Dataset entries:
====

lemma profile_curvature_if_2z'_eq_xx':
  assumes z': "\<And>s. s \<in> I \<Longrightarrow> 2 * deriv z s = x s * deriv x s" and s: "s \<in> I"
  shows "deriv x s \<noteq> 0" and "profile_curvature s = 1/2 - 3 / (4 + (x s)\<^sup>2)"
proof -
  have z'': "2 * deriv (deriv z) s = (deriv x s)\<^sup>2 + x s * deriv (deriv x) s"
  proof (rule has_real_derivative_unique_on_open[OF open_I s z'])
    show "((\<lambda>u. 2 * deriv z u) has_real_derivative 2 * deriv (deriv z) s) (at s)"
      using has_deriv_deriv_z[OF s] by (auto intro!: derivative_eq_intros)
    show "((\<lambda>u. x u * deriv x u) has_real_derivative (deriv x s)\<^sup>2 + x s * deriv (deriv x) s) (at s)"
      using has_deriv_x[OF s] has_deriv_deriv_x[OF s]
      by (auto intro!: derivative_eq_intros simp: power2_eq_square)
  qed
  have x'_sq: "(deriv x s)\<^sup>2 * (4 + (x s)\<^sup>2) = 4"
    using unit_speed[OF s] z'[OF s] by algebra
  then show x'_ne: "deriv x s \<noteq> 0"
    by auto
  have "deriv x s * (deriv (deriv x) s * (4 + (x s)\<^sup>2) + x s * (deriv x s)\<^sup>2) = 0"
    using unit_speed_deriv[OF s] z'[OF s] z'' by algebra
  then have x'': "deriv (deriv x) s * (4 + (x s)\<^sup>2) = - x s * (deriv x s)\<^sup>2"
    using x'_ne by simp
  have "4 + (x s)\<^sup>2 > 0" and "x s > 0"
    using x_pos[OF s] by (auto intro: add_pos_nonneg)
  then show "profile_curvature s = 1/2 - 3 / (4 + (x s)\<^sup>2)"
    using z'[OF s] z'' x'' x'_sq
    apply (simp add: profile_curvature_def field_simps)
    by algebra
qed

lemma profile_curvature_nonconstant_if_2z'_eq_xx':
  assumes s0: "s0 \<in> I" and z': "\<And>s. s \<in> I \<Longrightarrow> 2 * deriv z s = x s * deriv x s"
    and K: "\<And>s. s \<in> I \<Longrightarrow> profile_curvature s = c"
  shows False
proof -
  have c_linear: "(1 - 2 * c) * (4 + (x s)\<^sup>2) = 6" if s: "s \<in> I" for s
    using K[OF s] profile_curvature_if_2z'_eq_xx'(2)[OF z' s] by (simp add: field_simps add_nonneg_eq_0_iff)
  have "(1 - 2 * c) * (2 * x s0 * deriv x s0) = 0"
  proof (rule has_real_derivative_unique_on_open[OF open_I s0 c_linear])
    show "((\<lambda>u. (1 - 2 * c) * (4 + (x u)\<^sup>2)) has_real_derivative (1 - 2 * c) * (2 * x s0 * deriv x s0)) (at s0)"
      using has_deriv_x[OF s0] by (auto intro!: derivative_eq_intros)
  qed (auto intro: DERIV_const)
  then have "1 - 2 * c = 0"
    using x_pos[OF s0] profile_curvature_if_2z'_eq_xx'(1)[OF z' s0] by simp
  then show False
    using c_linear[OF s0] by simp
qed

lemma profile_curvature_if_xz'_eq_x':
  assumes z': "\<And>s. s \<in> I \<Longrightarrow> x s * deriv z s = deriv x s" and s: "s \<in> I"
  shows "deriv x s \<noteq> 0" and "profile_curvature s = ((x s)\<^sup>2 - 2) / (2 * (1 + (x s)\<^sup>2)\<^sup>2)"
proof -
  define q where "q = 1 + (x s)\<^sup>2"
  have X: "x s \<noteq> 0" "q \<noteq> 0"
    using x_pos[OF s] by (auto simp: q_def add_nonneg_eq_0_iff)
  have z'': "deriv x s * deriv z s + x s * deriv (deriv z) s = deriv (deriv x) s"
  proof (rule has_real_derivative_unique_on_open[OF open_I s z'])
    show "((\<lambda>u. x u * deriv z u) has_real_derivative deriv x s * deriv z s + x s * deriv (deriv z) s) (at s)"
      using has_deriv_x[OF s] has_deriv_deriv_z[OF s] by (auto intro!: derivative_eq_intros)
    show "(deriv x has_real_derivative deriv (deriv x) s) (at s)"
      using has_deriv_deriv_x[OF s] .
  qed
  have x'_sq: "(deriv x s)\<^sup>2 * q = (x s)\<^sup>2"
    unfolding q_def using unit_speed[OF s] z'[OF s] by algebra
  then show x'_ne: "deriv x s \<noteq> 0"
    using X by auto
  have "deriv x s * (deriv (deriv x) s * x s * q - (deriv x s)\<^sup>2) = 0"
    unfolding q_def using unit_speed_deriv[OF s] z'[OF s] z'' x'_sq[unfolded q_def] by algebra
  then have x'': "deriv (deriv x) s * x s * q = (deriv x s)\<^sup>2"
    using x'_ne by simp
  have z'_eq: "deriv z s = deriv x s / x s"
    using z'[OF s] X by (simp add: field_simps)
  have z''_eq: "deriv (deriv z) s = (deriv (deriv x) s - (deriv x s)\<^sup>2 / x s) / x s"
    using z'' X by (simp add: z'_eq field_simps power2_eq_square)
  have x'_sq_eq: "(deriv x s)\<^sup>2 = (x s)\<^sup>2 / q"
    using x'_sq X by (simp add: field_simps)
  have "x s * (deriv (deriv x) s * q\<^sup>2) = x s * x s"
    using x'' X unfolding x'_sq_eq by (simp add: field_simps power2_eq_square)
  then have x''_eq: "deriv (deriv x) s = x s / q\<^sup>2"
    using X by (simp add: eq_divide_eq)
  have "profile_curvature s = (deriv x s)\<^sup>2 / (2 * (x s)\<^sup>2) - 3 * deriv (deriv x) s / (2 * x s)"
    using X by (simp add: profile_curvature_def z'_eq z''_eq field_simps power2_eq_square)
  also have "\<dots> = (q - 3) / (2 * q\<^sup>2)"
    unfolding x'_sq_eq x''_eq using X by (simp add: field_simps power2_eq_square)
  finally show "profile_curvature s = ((x s)\<^sup>2 - 2) / (2 * (1 + (x s)\<^sup>2)\<^sup>2)"
    by (simp add: q_def)
qed

lemma profile_curvature_nonconstant_if_xz'_eq_x':
  assumes s0: "s0 \<in> I" and z': "\<And>s. s \<in> I \<Longrightarrow> x s * deriv z s = deriv x s"
    and K: "\<And>s. s \<in> I \<Longrightarrow> profile_curvature s = c"
  shows False
proof -
  have x'_ne: "deriv x s \<noteq> 0" if "s \<in> I" for s
    using profile_curvature_if_xz'_eq_x'(1)[OF z' that] .
  have c_quadratic: "2 * c * (1 + (x s)\<^sup>2)\<^sup>2 = (x s)\<^sup>2 - 2" if s: "s \<in> I" for s
    using K[OF s] profile_curvature_if_xz'_eq_x'(2)[OF z' s] by (simp add: field_simps add_nonneg_eq_0_iff)
  have c_linear: "4 * c * (1 + (x s)\<^sup>2) = 1" if s: "s \<in> I" for s
  proof -
    have "4 * c * (1 + (x s)\<^sup>2) * (2 * x s * deriv x s) = 2 * x s * deriv x s"
    proof (rule has_real_derivative_unique_on_open[OF open_I s c_quadratic])
      show "((\<lambda>u. 2 * c * (1 + (x u)\<^sup>2)\<^sup>2) has_real_derivative
          4 * c * (1 + (x s)\<^sup>2) * (2 * x s * deriv x s)) (at s)"
        using has_deriv_x[OF s] by (auto intro!: derivative_eq_intros simp: algebra_simps)
      show "((\<lambda>u. (x u)\<^sup>2 - 2) has_real_derivative 2 * x s * deriv x s) (at s)"
        using has_deriv_x[OF s] by (auto intro!: derivative_eq_intros)
    qed
    then show ?thesis
      using x_pos[OF s] x'_ne[OF s] by simp
  qed
  have "4 * c * (2 * x s0 * deriv x s0) = 0"
  proof (rule has_real_derivative_unique_on_open[OF open_I s0 c_linear])
    show "((\<lambda>u. 4 * c * (1 + (x u)\<^sup>2)) has_real_derivative 4 * c * (2 * x s0 * deriv x s0)) (at s0)"
      using has_deriv_x[OF s0] by (auto intro!: derivative_eq_intros)
  qed (auto intro: DERIV_const)
  then have "c = 0"
    using x_pos[OF s0] x'_ne[OF s0] by simp
  then show False
    using c_linear[OF s0] by simp
qed

end

theorem proposition4p2:
  fixes x z :: "real \<Rightarrow> real" and I :: "real set"
  assumes "open I" and "is_interval I" and "I \<noteq> {}"
    and "\<And>n s. s \<in> I \<Longrightarrow> ((deriv ^^ n) x) differentiable (at s)"
    and "\<And>n s. s \<in> I \<Longrightarrow> ((deriv ^^ n) z) differentiable (at s)"
    and "\<And>s. s \<in> I \<Longrightarrow> x s > 0"
    and "\<And>s. s \<in> I \<Longrightarrow> (deriv x s)\<^sup>2 + (deriv z s)\<^sup>2 = 1"
    and "\<exists>c. \<forall>s\<in>I. \<forall>t. sect_curv (rot_surface x z) partial_z (s, t) = c"
  shows "\<not> (\<forall>s\<in>I. 2 * deriv z s - x s * deriv x s = 0)
       \<and> \<not> (\<forall>s\<in>I. x s * deriv z s - deriv x s = 0)"
proof -
  interpret unit_speed_profile x z I
    using assms(1,4-7) by unfold_locales
  obtain c where "\<forall>s\<in>I. \<forall>t. sect_curv (rot_surface x z) partial_z (s, t) = c"
    using assms(8) by blast
  then have K: "\<And>s. s \<in> I \<Longrightarrow> profile_curvature s = c"
    by (simp add: sect_curv_rot_surface)
  obtain s0 where s0: "s0 \<in> I"
    using assms(3) by blast
  show ?thesis
    using profile_curvature_nonconstant_if_2z'_eq_xx'[OF s0 _ K]
      profile_curvature_nonconstant_if_xz'_eq_x'[OF s0 _ K]
    by auto
qed

end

====

What to produce: Nothing but the lines above from the one containing "using x'' X" through the one containing "derivative_eq_intros simp: algebra_simps)" should appear in the answer, each repeated exactly.

The completed task:
    using x'' X unfolding x'_sq_eq by (simp add: field_simps power2_eq_square)
  then have x''_eq: "deriv (deriv x) s = x s / q\<^sup>2"
    using X by (simp add: eq_divide_eq)
  have "profile_curvature s = (deriv x s)\<^sup>2 / (2 * (x s)\<^sup>2) - 3 * deriv (deriv x) s / (2 * x s)"
    using X by (simp add: profile_curvature_def z'_eq z''_eq field_simps power2_eq_square)
  also have "\<dots> = (q - 3) / (2 * q\<^sup>2)"
    unfolding x'_sq_eq x''_eq using X by (simp add: field_simps power2_eq_square)
  finally show "profile_curvature s = ((x s)\<^sup>2 - 2) / (2 * (1 + (x s)\<^sup>2)\<^sup>2)"
    by (simp add: q_def)
qed

lemma profile_curvature_nonconstant_if_xz'_eq_x':
  assumes s0: "s0 \<in> I" and z': "\<And>s. s \<in> I \<Longrightarrow> x s * deriv z s = deriv x s"
    and K: "\<And>s. s \<in> I \<Longrightarrow> profile_curvature s = c"
  shows False
proof -
  have x'_ne: "deriv x s \<noteq> 0" if "s \<in> I" for s
    using profile_curvature_if_xz'_eq_x'(1)[OF z' that] .
  have c_quadratic: "2 * c * (1 + (x s)\<^sup>2)\<^sup>2 = (x s)\<^sup>2 - 2" if s: "s \<in> I" for s
    using K[OF s] profile_curvature_if_xz'_eq_x'(2)[OF z' s] by (simp add: field_simps add_nonneg_eq_0_iff)
  have c_linear: "4 * c * (1 + (x s)\<^sup>2) = 1" if s: "s \<in> I" for s
  proof -
    have "4 * c * (1 + (x s)\<^sup>2) * (2 * x s * deriv x s) = 2 * x s * deriv x s"
    proof (rule has_real_derivative_unique_on_open[OF open_I s c_quadratic])
      show "((\<lambda>u. 2 * c * (1 + (x u)\<^sup>2)\<^sup>2) has_real_derivative
          4 * c * (1 + (x s)\<^sup>2) * (2 * x s * deriv x s)) (at s)"
        using has_deriv_x[OF s] by (auto intro!: derivative_eq_intros simp: algebra_simps)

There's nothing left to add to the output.